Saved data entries
lemma (in finite_measure) measure_exists_partial_sum_ge_le_add:
  fixes X Y :: "nat \<Rightarrow> 'a \<Rightarrow> real"
  assumes [measurable]: "\<And>i. i \<in> {1..n} \<Longrightarrow> X i \<in> borel_measurable M"
    "\<And>i. i \<in> {1..n} \<Longrightarrow> Y i \<in> borel_measurable M"
  shows "measure M {x\<in>space M. \<exists>t\<in>{1..n}. (\<Sum>i=1..t. X i x) \<ge> u}
    \<le> measure M {x\<in>space M. \<exists>t\<in>{1..n}. (\<Sum>i=1..t. Y i x) \<ge> u}
      + measure M {x\<in>space M. \<exists>i\<in>{1..n}. Y i x \<noteq> X i x}"
proof -
  have "{x\<in>space M. \<exists>t\<in>{1..n}. (\<Sum>i=1..t. X i x) \<ge> u}
      \<subseteq> {x\<in>space M. \<exists>t\<in>{1..n}. (\<Sum>i=1..t. Y i x) \<ge> u} \<union> {x\<in>space M. \<exists>i\<in>{1..n}. Y i x \<noteq> X i x}"
    by auto (metis (no_types, lifting) atLeastAtMost_iff le_trans sum.cong)
  then show ?thesis
    by (intro order_trans[OF finite_measure_mono measure_Un_le]) measurable
qed

lemma subgaussian_maximal_inequality:
  fixes M :: "'a measure" and F :: "nat \<Rightarrow> 'a measure"
    and X :: "nat \<Rightarrow> 'a \<Rightarrow> real" and m :: "nat \<Rightarrow> real" and \<delta> :: real
  assumes P: "prob_space M" and mds: "mds_upto M n F X"
    and m: "\<And>i. i \<in> {1..n} \<Longrightarrow> m i > 0"
    and orlicz: "\<And>i. i \<in> {1..n} \<Longrightarrow>
      AE x in M. nn_cond_exp M (F (i - 1)) (\<lambda>y. ennreal (exp ((\<bar>X i y\<bar> / m i) powr 2))) x \<le> 2"
    and \<delta>: "0 < \<delta>" "\<delta> < 1"
  shows "measure M {x \<in> space M. \<exists>t\<in>{1..n}.
           (\<Sum>i=1..t. X i x) \<ge> 4 * sqrt (exp 1 * (\<Sum>i=1..n. (m i)\<^sup>2) * ln (1 / \<delta>))} \<le> \<delta>"
proof (cases "n = 0")
  case True then show ?thesis using \<delta> by simp
next
  case False
  note mds = mds_uptoD[OF mds]
  define V where "V = (\<Sum>i=1..n. (m i)\<^sup>2)"
  define L where "L = ln (1 / \<delta>)"
  define u where "u = 4 * sqrt (exp 1 * V * L)"
  define lam where "lam = u / (8 * V)"
  have V_pos: "V > 0" unfolding V_def using False m by (intro sum_pos) (auto simp: less_imp_neq[symmetric])
  have L_pos: "L > 0" unfolding L_def using \<delta> by simp
  have lam: "lam \<ge> 0" unfolding lam_def u_def using V_pos L_pos by simp
  have mgf: "AE x in M. nn_cond_exp M (F (i - 1)) (\<lambda>x. ennreal (exp (lam * X i x))) x
      \<le> ennreal (exp (4 * (lam^2 * (m i)^2)))" if i: "i \<in> {1..n}" for i
  proof -
    interpret sigma_finite_subalgebra M "F (i - 1)"
      by (rule sigma_finite_subalgebra_of_prob_space[OF P mds(2)[OF i]])
    define a where "a = lam^2 * (m i)^2"
    have mgf: "AE x in M. nn_cond_exp M (F (i - 1)) (\<lambda>x. ennreal (exp (lam * X i x))) x
        \<le> ennreal (1 + 2 * (a * exp (a/2) / exp 1))"
      using i m[OF i] exp_le_subgaussian[OF lam m[OF i]] mds(4-6)[OF i]
      by (intro nn_cond_exp_exp_le[OF _ _ _ _ orlicz[OF i] lam])
         (auto simp: a_def power_divide power2_abs)
    have "ennreal (1 + 2 * (a * exp (a/2) / exp 1)) \<le> ennreal (exp (4 * a))"
      unfolding a_def by (intro ennreal_leI one_add_mult_exp_half_le_exp) simp
    with mgf show ?thesis unfolding a_def by (auto elim: eventually_mono order_trans)
  qed
  have "measure M {x\<in>space M. \<exists>t\<in>{1..n}. (\<Sum>i=1..t. X i x) \<ge> u}
      \<le> exp (- lam * u) * (\<Prod>i=1..n. exp (4 * (lam^2 * (m i)^2)))"
    by (rule prob_exists_partial_sum_ge_le[OF P mds(1,3) lam _ mgf]) auto
  also have "\<dots> = exp (- lam * u + 4 * lam^2 * V)"
    unfolding V_def by (simp add: exp_sum[symmetric] exp_add[symmetric] sum_distrib_left mult.assoc)
  also have "- lam * u + 4 * lam^2 * V = - (exp 1 * L)"
    unfolding lam_def u_def using V_pos L_pos by (simp add: power2_eq_square field_simps)
  also have "exp (- (exp 1 * L)) \<le> exp (- L)" using L_pos by simp
  also have "exp (- L) = \<delta>" unfolding L_def using \<delta> by (simp add: exp_minus ln_div)
  finally show ?thesis unfolding u_def V_def L_def .
qed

### Task brief
In full and without error, restate the data.

### Output below
lemma (in finite_measure) measure_exists_partial_sum_ge_le_add:
  fixes X Y :: "nat \<Rightarrow> 'a \<Rightarrow> real"
  assumes [measurable]: "\<And>i. i \<in> {1..n} \<Longrightarrow> X i \<in> borel_measurable M"
    "\<And>i. i \<in> {1..n} \<Longrightarrow> Y i \<in> borel_measurable M"
  shows "measure M {x\<in>space M. \<exists>t\<in>{1..n}. (\<Sum>i=1..t. X i x) \<ge> u}
    \<le> measure M {x\<in>space M. \<exists>t\<in>{1..n}. (\<Sum>i=1..t. Y i x) \<ge> u}
      + measure M {x\<in>space M. \<exists>i\<in>{1..n}. Y i x \<noteq> X i x}"
proof -
  have "{x\<in>space M. \<exists>t\<in>{1..n}. (\<Sum>i=1..t. X i x) \<ge> u}
      \<subseteq> {x\<in>space M. \<exists>t\<in>{1..n}. (\<Sum>i=1..t. Y i x) \<ge> u} \<union> {x\<in>space M. \<exists>i\<in>{1..n}. Y i x \<noteq> X i x}"
    by auto (metis (no_types, lifting) atLeastAtMost_iff le_trans sum.cong)
  then show ?thesis
    by (intro order_trans[OF finite_measure_mono measure_Un_le]) measurable
qed

lemma subgaussian_maximal_inequality:
  fixes M :: "'a measure" and F :: "nat \<Rightarrow> 'a measure"
    and X :: "nat \<Rightarrow> 'a \<Rightarrow> real" and m :: "nat \<Rightarrow> real" and \<delta> :: real
  assumes P: "prob_space M" and mds: "mds_upto M n F X"
    and m: "\<And>i. i \<in> {1..n} \<Longrightarrow> m i > 0"
    and orlicz: "\<And>i. i \<in> {1..n} \<Longrightarrow>
      AE x in M. nn_cond_exp M (F (i - 1)) (\<lambda>y. ennreal (exp ((\<bar>X i y\<bar> / m i) powr 2))) x \<le> 2"
    and \<delta>: "0 < \<delta>" "\<delta> < 1"
  shows "measure M {x \<in> space M. \<exists>t\<in>{1..n}.
           (\<Sum>i=1..t. X i x) \<ge> 4 * sqrt (exp 1 * (\<Sum>i=1..n. (m i)\<^sup>2) * ln (1 / \<delta>))} \<le> \<delta>"
proof (cases "n = 0")
  case True then show ?thesis using \<delta> by simp
next
  case False
  note mds = mds_uptoD[OF mds]
  define V where "V = (\<Sum>i=1..n. (m i)\<^sup>2)"
  define L where "L = ln (1 / \<delta>)"
  define u where "u = 4 * sqrt (exp 1 * V * L)"
  define lam where "lam = u / (8 * V)"
  have V_pos: "V > 0" unfolding V_def using False m by (intro sum_pos) (auto simp: less_imp_neq[symmetric])
  have L_pos: "L > 0" unfolding L_def using \<delta> by simp
  have lam: "lam \<ge> 0" unfolding lam_def u_def using V_pos L_pos by simp
  have mgf: "AE x in M. nn_cond_exp M (F (i - 1)) (\<lambda>x. ennreal (exp (lam * X i x))) x
      \<le> ennreal (exp (4 * (lam^2 * (m i)^2)))" if i: "i \<in> {1..n}" for i
  proof -
    interpret sigma_finite_subalgebra M "F (i - 1)"
      by (rule sigma_finite_subalgebra_of_prob_space[OF P mds(2)[OF i]])
    define a where "a = lam^2 * (m i)^2"
    have mgf: "AE x in M. nn_cond_exp M (F (i - 1)) (\<lambda>x. ennreal (exp (lam * X i x))) x
        \<le> ennreal (1 + 2 * (a * exp (a/2) / exp 1))"
      using i m[OF i] exp_le_subgaussian[OF lam m[OF i]] mds(4-6)[OF i]
      by (intro nn_cond_exp_exp_le[OF _ _ _ _ orlicz[OF i] lam])
         (auto simp: a_def power_divide power2_abs)
    have "ennreal (1 + 2 * (a * exp (a/2) / exp 1)) \<le> ennreal (exp (4 * a))"
      unfolding a_def by (intro ennreal_leI one_add_mult_exp_half_le_exp) simp
    with mgf show ?thesis unfolding a_def by (auto elim: eventually_mono order_trans)
  qed
  have "measure M {x\<in>space M. \<exists>t\<in>{1..n}. (\<Sum>i=1..t. X i x) \<ge> u}
      \<le> exp (- lam * u) * (\<Prod>i=1..n. exp (4 * (lam^2 * (m i)^2)))"
    by (rule prob_exists_partial_sum_ge_le[OF P mds(1,3) lam _ mgf]) auto
  also have "\<dots> = exp (- lam * u + 4 * lam^2 * V)"
    unfolding V_def by (simp add: exp_sum[symmetric] exp_add[symmetric] sum_distrib_left mult.assoc)
  also have "- lam * u + 4 * lam^2 * V = - (exp 1 * L)"
    unfolding lam_def u_def using V_pos L_pos by (simp add: power2_eq_square field_simps)
  also have "exp (- (exp 1 * L)) \<le> exp (- L)" using L_pos by simp
  also have "exp (- L) = \<delta>" unfolding L_def using \<delta> by (simp add: exp_minus ln_div)
  finally show ?thesis unfolding u_def V_def L_def .
qed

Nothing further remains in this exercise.